lemma label_graph_separates:
  assumes po': "strict_po_on_PF prec'" and AB: "A \<in> PF" "B \<in> PF" "\<not> prec' A B"
  obtains n L where "tbls_consistent {0..<n} (label_graph n L) prec' [0..<n]"
    and "\<And>prec. prec A B \<Longrightarrow> \<not> tbls_consistent {0..<n} (label_graph n L) prec [0..<n]"
proof -
  obtain m where m: "A \<subseteq> {1..m}" "B \<subseteq> {1..m}"
  proof -
    have "finite (A \<union> B)" "0 \<notin> A \<union> B" using AB unfolding PF_def by auto
    then obtain m where "\<forall>x\<in>A \<union> B. x \<le> m" by (auto simp: finite_nat_set_iff_bounded_le)
    then show thesis
      using that \<open>0 \<notin> A \<union> B\<close> by (metis Un_iff atLeastAtMost_iff less_one not_less subsetI)
  qed
  have "\<exists>M. M \<subseteq> {1..j} \<and> (\<forall>N. N \<subseteq> {1..j} \<longrightarrow> \<not> prec' M N)" for j
  proof -
    have "Pow {1..j} \<subseteq> PF" using subset_atLeastAtMost_in_PF by blast
    then show ?thesis using strict_po_on_PF_has_maximal[OF po', of "Pow {1..j}"] by blast
  qed
  then obtain M where M: "\<And>j. M j \<subseteq> {1..j}" "\<And>j N. N \<subseteq> {1..j} \<Longrightarrow> \<not> prec' (M j) N"
    by metis
  define L where "L v = (if v < m then M v else if v = m then A else B)" for v
  have LA: "L m \<inter> {1..m} = A" and LB: "L (Suc m) \<inter> {1..m} = B"
    using m by (auto simp: L_def)
  have "tbls_consistent {0..<m + 2} (label_graph (m + 2) L) prec' [0..<m + 2]"
    unfolding tbls_consistent_label_graph_iff
  proof (intro allI impI ballI)
    fix j w assume j: "j < m + 2" and w: "w \<in> {j..<m + 2}"
    consider "j < m" | "j = m" | "j = Suc m" using j by linarith
    then show "\<not> prec' (L j \<inter> {1..j}) (L w \<inter> {1..j})"
    proof cases
      case 1
      then have "L j \<inter> {1..j} = M j" using M(1) by (auto simp: L_def)
      then show ?thesis using M(2) by auto
    next
      case 2
      then have "w = m \<or> w = Suc m" using w by auto
      then show ?thesis using 2 LA LB AB(3) strict_po_on_PF_irrefl[OF po'] by auto
    next
      case 3
      then have "w = j" using w by auto
      then show ?thesis using strict_po_on_PF_irrefl[OF po'] by simp
    qed
  qed
  moreover have "\<not> tbls_consistent {0..<m + 2} (label_graph (m + 2) L) prec [0..<m + 2]"
    if "prec A B" for prec
    unfolding tbls_consistent_label_graph_iff using that LA LB by fastforce
  ultimately show thesis using that by blast
qed

theorem theorem1:
  fixes precS precS' :: "nat set \<Rightarrow> nat set \<Rightarrow> bool"
  assumes "strict_po_on_PF precS" and "strict_po_on_PF precS'"
  shows "(\<forall>(V :: nat set) E \<sigma>. fin_graph V E \<longrightarrow>
            is_search_ordering V E precS' \<sigma> \<longrightarrow> is_search_ordering V E precS \<sigma>)
         \<longleftrightarrow> (\<forall>A\<in>PF. \<forall>B\<in>PF. precS A B \<longrightarrow> precS' A B)"
proof
  assume orderings: "\<forall>(V :: nat set) E \<sigma>. fin_graph V E \<longrightarrow>
            is_search_ordering V E precS' \<sigma> \<longrightarrow> is_search_ordering V E precS \<sigma>"
  show "\<forall>A\<in>PF. \<forall>B\<in>PF. precS A B \<longrightarrow> precS' A B"
  proof (intro ballI impI; rule ccontr)
    fix A B assume AB: "A \<in> PF" "B \<in> PF" "precS A B" "\<not> precS' A B"
    obtain n L where "tbls_consistent {0..<n} (label_graph n L) precS' [0..<n]"
      and not_S: "\<not> tbls_consistent {0..<n} (label_graph n L) precS [0..<n]"
      using label_graph_separates[OF assms(2) AB(1,2,4)] AB(3) by metis
    then have "is_search_ordering {0..<n} (label_graph n L) precS' [0..<n]"
      by (simp add: is_search_ordering_iff[OF assms(2)] is_ordering_def)
    then have "is_search_ordering {0..<n} (label_graph n L) precS [0..<n]"
      using orderings fin_graph_label_graph by blast
    then show False using not_S by (simp add: is_search_ordering_iff[OF assms(1)])
  qed
next
  assume "\<forall>A\<in>PF. \<forall>B\<in>PF. precS A B \<longrightarrow> precS' A B"
  then show "\<forall>(V :: nat set) E \<sigma>. fin_graph V E \<longrightarrow>
            is_search_ordering V E precS' \<sigma> \<longrightarrow> is_search_ordering V E precS \<sigma>"
    using is_search_ordering_mono[OF assms] unfolding fin_graph_def by blast
qed

end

=======

-- Exercise details --
Restate, word for word, the listing above from its first line through the line that contains "proof (intro allI impI ballI)", keeping both of those lines.

-- Response to the task --
lemma label_graph_separates:
  assumes po': "strict_po_on_PF prec'" and AB: "A \<in> PF" "B \<in> PF" "\<not> prec' A B"
  obtains n L where "tbls_consistent {0..<n} (label_graph n L) prec' [0..<n]"
    and "\<And>prec. prec A B \<Longrightarrow> \<not> tbls_consistent {0..<n} (label_graph n L) prec [0..<n]"
proof -
  obtain m where m: "A \<subseteq> {1..m}" "B \<subseteq> {1..m}"
  proof -
    have "finite (A \<union> B)" "0 \<notin> A \<union> B" using AB unfolding PF_def by auto
    then obtain m where "\<forall>x\<in>A \<union> B. x \<le> m" by (auto simp: finite_nat_set_iff_bounded_le)
    then show thesis
      using that \<open>0 \<notin> A \<union> B\<close> by (metis Un_iff atLeastAtMost_iff less_one not_less subsetI)
  qed
  have "\<exists>M. M \<subseteq> {1..j} \<and> (\<forall>N. N \<subseteq> {1..j} \<longrightarrow> \<not> prec' M N)" for j
  proof -
    have "Pow {1..j} \<subseteq> PF" using subset_atLeastAtMost_in_PF by blast
    then show ?thesis using strict_po_on_PF_has_maximal[OF po', of "Pow {1..j}"] by blast
  qed
  then obtain M where M: "\<And>j. M j \<subseteq> {1..j}" "\<And>j N. N \<subseteq> {1..j} \<Longrightarrow> \<not> prec' (M j) N"
    by metis
  define L where "L v = (if v < m then M v else if v = m then A else B)" for v
  have LA: "L m \<inter> {1..m} = A" and LB: "L (Suc m) \<inter> {1..m} = B"
    using m by (auto simp: L_def)
  have "tbls_consistent {0..<m + 2} (label_graph (m + 2) L) prec' [0..<m + 2]"
    unfolding tbls_consistent_label_graph_iff
  proof (intro allI impI ballI)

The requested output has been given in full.